(Collected data entries)
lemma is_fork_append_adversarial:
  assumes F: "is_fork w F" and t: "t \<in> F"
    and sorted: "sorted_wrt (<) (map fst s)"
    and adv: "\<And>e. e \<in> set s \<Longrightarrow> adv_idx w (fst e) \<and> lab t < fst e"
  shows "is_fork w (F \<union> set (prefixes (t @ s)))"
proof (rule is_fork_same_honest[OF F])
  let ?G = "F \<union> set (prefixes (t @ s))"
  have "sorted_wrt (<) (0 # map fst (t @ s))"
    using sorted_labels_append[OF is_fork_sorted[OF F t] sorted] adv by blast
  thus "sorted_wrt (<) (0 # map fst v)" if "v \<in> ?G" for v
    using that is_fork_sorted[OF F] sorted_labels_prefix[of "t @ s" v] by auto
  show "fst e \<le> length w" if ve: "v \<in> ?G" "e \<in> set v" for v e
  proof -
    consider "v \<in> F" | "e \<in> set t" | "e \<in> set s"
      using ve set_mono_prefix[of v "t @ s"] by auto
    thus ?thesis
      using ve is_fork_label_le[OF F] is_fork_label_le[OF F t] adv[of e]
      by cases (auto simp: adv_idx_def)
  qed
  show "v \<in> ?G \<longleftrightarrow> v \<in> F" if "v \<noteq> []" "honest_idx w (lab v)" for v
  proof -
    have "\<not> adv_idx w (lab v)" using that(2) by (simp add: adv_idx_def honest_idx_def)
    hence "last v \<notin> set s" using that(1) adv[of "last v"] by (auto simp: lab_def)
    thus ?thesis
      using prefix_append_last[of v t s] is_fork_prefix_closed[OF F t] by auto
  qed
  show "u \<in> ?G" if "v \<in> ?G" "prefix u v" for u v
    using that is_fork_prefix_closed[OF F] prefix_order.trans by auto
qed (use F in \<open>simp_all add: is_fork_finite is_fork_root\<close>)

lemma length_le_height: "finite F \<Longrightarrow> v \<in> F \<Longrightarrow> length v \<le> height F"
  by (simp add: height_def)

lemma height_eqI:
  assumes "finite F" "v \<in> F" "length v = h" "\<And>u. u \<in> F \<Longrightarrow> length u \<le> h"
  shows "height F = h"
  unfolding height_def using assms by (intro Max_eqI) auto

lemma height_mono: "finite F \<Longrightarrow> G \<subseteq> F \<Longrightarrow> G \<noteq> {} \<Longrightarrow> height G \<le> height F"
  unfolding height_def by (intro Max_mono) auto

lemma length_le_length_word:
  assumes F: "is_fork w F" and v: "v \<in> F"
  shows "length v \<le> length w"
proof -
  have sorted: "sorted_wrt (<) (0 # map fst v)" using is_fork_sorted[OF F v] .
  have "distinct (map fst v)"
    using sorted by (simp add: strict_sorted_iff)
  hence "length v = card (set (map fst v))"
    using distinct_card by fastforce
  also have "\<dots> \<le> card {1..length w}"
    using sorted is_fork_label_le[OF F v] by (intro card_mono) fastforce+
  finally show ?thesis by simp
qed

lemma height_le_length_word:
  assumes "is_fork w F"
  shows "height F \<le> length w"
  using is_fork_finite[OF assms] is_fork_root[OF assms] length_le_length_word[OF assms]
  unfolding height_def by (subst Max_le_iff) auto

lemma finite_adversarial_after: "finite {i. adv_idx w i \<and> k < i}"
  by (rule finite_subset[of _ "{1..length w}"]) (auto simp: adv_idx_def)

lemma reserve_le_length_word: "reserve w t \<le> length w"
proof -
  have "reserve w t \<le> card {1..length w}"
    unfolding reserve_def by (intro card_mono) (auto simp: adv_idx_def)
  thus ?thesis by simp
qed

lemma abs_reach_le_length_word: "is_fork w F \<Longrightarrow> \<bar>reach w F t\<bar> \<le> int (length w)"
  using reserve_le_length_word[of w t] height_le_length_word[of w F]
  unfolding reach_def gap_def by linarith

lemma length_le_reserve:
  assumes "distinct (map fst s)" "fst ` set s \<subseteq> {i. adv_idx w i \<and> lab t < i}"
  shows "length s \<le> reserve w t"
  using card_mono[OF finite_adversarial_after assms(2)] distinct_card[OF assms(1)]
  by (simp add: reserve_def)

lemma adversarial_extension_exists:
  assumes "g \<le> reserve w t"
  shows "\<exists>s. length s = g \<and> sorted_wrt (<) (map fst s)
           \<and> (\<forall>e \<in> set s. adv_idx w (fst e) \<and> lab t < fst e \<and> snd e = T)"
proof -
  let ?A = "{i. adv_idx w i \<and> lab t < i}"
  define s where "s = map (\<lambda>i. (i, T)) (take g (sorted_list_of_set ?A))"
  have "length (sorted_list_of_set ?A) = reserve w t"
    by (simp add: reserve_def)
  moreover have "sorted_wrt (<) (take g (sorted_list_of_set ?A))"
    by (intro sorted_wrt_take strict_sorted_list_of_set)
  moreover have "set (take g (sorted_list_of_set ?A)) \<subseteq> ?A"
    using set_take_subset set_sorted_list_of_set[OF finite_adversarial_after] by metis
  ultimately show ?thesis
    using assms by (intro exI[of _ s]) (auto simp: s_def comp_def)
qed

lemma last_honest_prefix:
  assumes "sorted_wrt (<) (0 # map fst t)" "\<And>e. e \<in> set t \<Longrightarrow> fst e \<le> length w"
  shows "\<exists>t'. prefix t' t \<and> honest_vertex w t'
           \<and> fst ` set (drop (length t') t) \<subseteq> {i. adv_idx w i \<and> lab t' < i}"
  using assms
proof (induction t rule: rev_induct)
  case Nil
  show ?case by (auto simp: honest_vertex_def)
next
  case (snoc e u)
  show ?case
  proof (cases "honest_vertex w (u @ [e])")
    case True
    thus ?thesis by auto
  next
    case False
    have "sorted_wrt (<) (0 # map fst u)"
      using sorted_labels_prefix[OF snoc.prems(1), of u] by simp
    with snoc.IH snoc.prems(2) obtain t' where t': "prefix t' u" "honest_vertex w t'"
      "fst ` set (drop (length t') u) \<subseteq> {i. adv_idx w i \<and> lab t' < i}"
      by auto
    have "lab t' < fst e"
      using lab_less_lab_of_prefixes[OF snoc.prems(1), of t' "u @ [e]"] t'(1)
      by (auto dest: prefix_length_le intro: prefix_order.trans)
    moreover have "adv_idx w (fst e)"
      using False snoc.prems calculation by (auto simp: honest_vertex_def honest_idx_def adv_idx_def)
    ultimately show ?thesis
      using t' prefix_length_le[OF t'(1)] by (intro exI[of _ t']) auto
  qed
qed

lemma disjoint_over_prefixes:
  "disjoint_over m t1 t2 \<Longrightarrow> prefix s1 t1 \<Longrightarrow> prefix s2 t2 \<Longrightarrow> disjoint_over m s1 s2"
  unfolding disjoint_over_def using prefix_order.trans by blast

- **What is required**
Of the entries above, transcribe exactly those lines that fall between the line containing "using ve is_fork_label_le[OF" and the line containing "using sorted is_fork_label_le[OF", together with those two lines.

- **Solution below**
      using ve is_fork_label_le[OF F] is_fork_label_le[OF F t] adv[of e]
      by cases (auto simp: adv_idx_def)
  qed
  show "v \<in> ?G \<longleftrightarrow> v \<in> F" if "v \<noteq> []" "honest_idx w (lab v)" for v
  proof -
    have "\<not> adv_idx w (lab v)" using that(2) by (simp add: adv_idx_def honest_idx_def)
    hence "last v \<notin> set s" using that(1) adv[of "last v"] by (auto simp: lab_def)
    thus ?thesis
      using prefix_append_last[of v t s] is_fork_prefix_closed[OF F t] by auto
  qed
  show "u \<in> ?G" if "v \<in> ?G" "prefix u v" for u v
    using that is_fork_prefix_closed[OF F] prefix_order.trans by auto
qed (use F in \<open>simp_all add: is_fork_finite is_fork_root\<close>)

lemma length_le_height: "finite F \<Longrightarrow> v \<in> F \<Longrightarrow> length v \<le> height F"
  by (simp add: height_def)

lemma height_eqI:
  assumes "finite F" "v \<in> F" "length v = h" "\<And>u. u \<in> F \<Longrightarrow> length u \<le> h"
  shows "height F = h"
  unfolding height_def using assms by (intro Max_eqI) auto

lemma height_mono: "finite F \<Longrightarrow> G \<subseteq> F \<Longrightarrow> G \<noteq> {} \<Longrightarrow> height G \<le> height F"
  unfolding height_def by (intro Max_mono) auto

lemma length_le_length_word:
  assumes F: "is_fork w F" and v: "v \<in> F"
  shows "length v \<le> length w"
proof -
  have sorted: "sorted_wrt (<) (0 # map fst v)" using is_fork_sorted[OF F v] .
  have "distinct (map fst v)"
    using sorted by (simp add: strict_sorted_iff)
  hence "length v = card (set (map fst v))"
    using distinct_card by fastforce
  also have "\<dots> \<le> card {1..length w}"
    using sorted is_fork_label_le[OF F v] by (intro card_mono) fastforce+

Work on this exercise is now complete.